Prompt:
Whenever a line contains the string "have", copy it out of the entries.

(Saved data entries)
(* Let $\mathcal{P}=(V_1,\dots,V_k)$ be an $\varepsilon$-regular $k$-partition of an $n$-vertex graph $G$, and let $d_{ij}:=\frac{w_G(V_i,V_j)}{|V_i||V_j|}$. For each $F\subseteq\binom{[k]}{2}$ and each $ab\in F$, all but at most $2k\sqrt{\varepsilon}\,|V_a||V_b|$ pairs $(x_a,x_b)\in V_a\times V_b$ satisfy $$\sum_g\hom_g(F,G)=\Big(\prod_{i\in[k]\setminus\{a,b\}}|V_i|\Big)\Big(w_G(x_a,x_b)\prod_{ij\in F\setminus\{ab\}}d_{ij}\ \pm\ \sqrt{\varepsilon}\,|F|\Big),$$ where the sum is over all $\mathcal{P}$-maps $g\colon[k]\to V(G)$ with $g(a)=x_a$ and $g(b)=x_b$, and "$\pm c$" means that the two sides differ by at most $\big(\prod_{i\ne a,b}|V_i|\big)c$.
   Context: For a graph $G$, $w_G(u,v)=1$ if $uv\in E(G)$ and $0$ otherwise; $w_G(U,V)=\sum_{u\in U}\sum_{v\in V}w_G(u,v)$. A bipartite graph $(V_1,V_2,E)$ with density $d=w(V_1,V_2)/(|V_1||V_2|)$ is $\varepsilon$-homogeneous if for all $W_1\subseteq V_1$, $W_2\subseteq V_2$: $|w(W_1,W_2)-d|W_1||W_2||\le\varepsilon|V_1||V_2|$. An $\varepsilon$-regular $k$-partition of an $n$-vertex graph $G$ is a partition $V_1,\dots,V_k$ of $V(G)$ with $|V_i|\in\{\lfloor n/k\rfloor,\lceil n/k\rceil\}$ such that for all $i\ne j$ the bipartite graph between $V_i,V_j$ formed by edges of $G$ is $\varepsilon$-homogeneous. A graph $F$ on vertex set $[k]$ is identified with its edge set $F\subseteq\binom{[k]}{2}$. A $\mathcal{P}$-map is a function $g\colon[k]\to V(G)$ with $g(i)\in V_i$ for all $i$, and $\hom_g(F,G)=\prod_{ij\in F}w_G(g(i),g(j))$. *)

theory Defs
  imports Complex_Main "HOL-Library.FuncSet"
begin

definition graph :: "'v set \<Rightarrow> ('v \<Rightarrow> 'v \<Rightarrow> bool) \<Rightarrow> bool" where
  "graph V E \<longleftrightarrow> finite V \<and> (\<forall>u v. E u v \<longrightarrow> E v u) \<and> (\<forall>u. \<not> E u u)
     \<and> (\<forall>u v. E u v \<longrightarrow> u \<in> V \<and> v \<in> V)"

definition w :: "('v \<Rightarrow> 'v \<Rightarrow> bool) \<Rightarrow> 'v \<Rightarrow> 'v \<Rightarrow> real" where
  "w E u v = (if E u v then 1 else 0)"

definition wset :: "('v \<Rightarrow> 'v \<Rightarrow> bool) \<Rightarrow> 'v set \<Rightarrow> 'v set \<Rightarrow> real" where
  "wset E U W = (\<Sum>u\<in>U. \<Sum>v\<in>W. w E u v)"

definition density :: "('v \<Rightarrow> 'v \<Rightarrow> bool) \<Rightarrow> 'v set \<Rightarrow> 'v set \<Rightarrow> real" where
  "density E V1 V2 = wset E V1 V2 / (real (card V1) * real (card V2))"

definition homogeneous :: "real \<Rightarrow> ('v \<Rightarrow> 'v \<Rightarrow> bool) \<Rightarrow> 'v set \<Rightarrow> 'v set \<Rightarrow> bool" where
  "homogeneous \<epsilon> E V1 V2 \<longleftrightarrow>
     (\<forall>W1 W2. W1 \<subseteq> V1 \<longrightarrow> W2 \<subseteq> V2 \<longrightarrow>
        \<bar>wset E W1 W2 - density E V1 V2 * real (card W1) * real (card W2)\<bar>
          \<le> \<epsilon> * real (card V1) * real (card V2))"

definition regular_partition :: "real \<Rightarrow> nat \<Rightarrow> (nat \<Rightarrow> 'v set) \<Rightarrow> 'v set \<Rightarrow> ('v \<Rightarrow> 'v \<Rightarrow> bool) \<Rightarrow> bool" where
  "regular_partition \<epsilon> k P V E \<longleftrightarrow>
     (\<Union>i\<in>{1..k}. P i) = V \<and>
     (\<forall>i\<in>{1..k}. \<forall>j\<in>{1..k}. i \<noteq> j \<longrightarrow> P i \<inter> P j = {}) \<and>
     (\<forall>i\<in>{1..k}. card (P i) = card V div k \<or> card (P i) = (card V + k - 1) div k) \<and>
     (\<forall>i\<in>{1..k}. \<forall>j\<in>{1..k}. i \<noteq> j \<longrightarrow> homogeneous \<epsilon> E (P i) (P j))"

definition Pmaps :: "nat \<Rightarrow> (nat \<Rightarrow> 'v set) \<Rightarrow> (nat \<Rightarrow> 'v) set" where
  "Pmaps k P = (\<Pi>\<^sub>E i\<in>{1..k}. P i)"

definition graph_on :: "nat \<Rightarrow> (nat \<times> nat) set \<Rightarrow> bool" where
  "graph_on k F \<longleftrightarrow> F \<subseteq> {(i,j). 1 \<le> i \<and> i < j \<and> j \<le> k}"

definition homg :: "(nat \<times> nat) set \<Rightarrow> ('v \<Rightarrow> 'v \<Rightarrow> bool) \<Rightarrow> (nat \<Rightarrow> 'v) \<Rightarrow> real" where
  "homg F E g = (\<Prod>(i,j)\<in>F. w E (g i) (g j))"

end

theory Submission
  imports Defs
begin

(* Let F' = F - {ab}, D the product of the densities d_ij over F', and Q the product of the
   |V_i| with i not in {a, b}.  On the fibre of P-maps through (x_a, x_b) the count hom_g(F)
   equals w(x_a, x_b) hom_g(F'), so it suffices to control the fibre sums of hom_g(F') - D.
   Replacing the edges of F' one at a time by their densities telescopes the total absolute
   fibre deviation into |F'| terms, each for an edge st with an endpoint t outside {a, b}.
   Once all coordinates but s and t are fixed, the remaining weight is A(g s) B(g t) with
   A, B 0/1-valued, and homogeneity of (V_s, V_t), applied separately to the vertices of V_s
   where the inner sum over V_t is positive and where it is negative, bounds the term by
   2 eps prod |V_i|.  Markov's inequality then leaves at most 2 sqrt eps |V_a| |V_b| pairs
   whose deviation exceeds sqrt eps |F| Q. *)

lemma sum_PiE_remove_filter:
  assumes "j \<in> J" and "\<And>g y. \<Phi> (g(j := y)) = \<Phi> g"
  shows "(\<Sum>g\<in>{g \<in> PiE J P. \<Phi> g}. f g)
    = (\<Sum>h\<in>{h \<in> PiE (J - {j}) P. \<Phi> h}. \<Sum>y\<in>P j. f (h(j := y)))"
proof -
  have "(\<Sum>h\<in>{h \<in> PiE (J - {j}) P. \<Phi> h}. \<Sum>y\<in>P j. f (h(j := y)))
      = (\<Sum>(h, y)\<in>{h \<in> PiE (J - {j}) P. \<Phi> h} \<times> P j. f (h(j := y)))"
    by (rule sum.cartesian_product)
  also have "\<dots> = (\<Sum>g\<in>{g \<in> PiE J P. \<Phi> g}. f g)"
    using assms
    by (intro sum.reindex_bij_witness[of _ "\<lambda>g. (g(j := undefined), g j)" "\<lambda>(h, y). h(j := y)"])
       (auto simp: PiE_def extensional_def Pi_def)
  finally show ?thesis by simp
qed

Exercise answer:
  have "(\<Sum>h\<in>{h \<in> PiE (J - {j}) P. \<Phi> h}. \<Sum>y\<in>P j. f (h(j := y)))
  also have "\<dots> = (\<Sum>g\<in>{g \<in> PiE J P. \<Phi> g}. f g)"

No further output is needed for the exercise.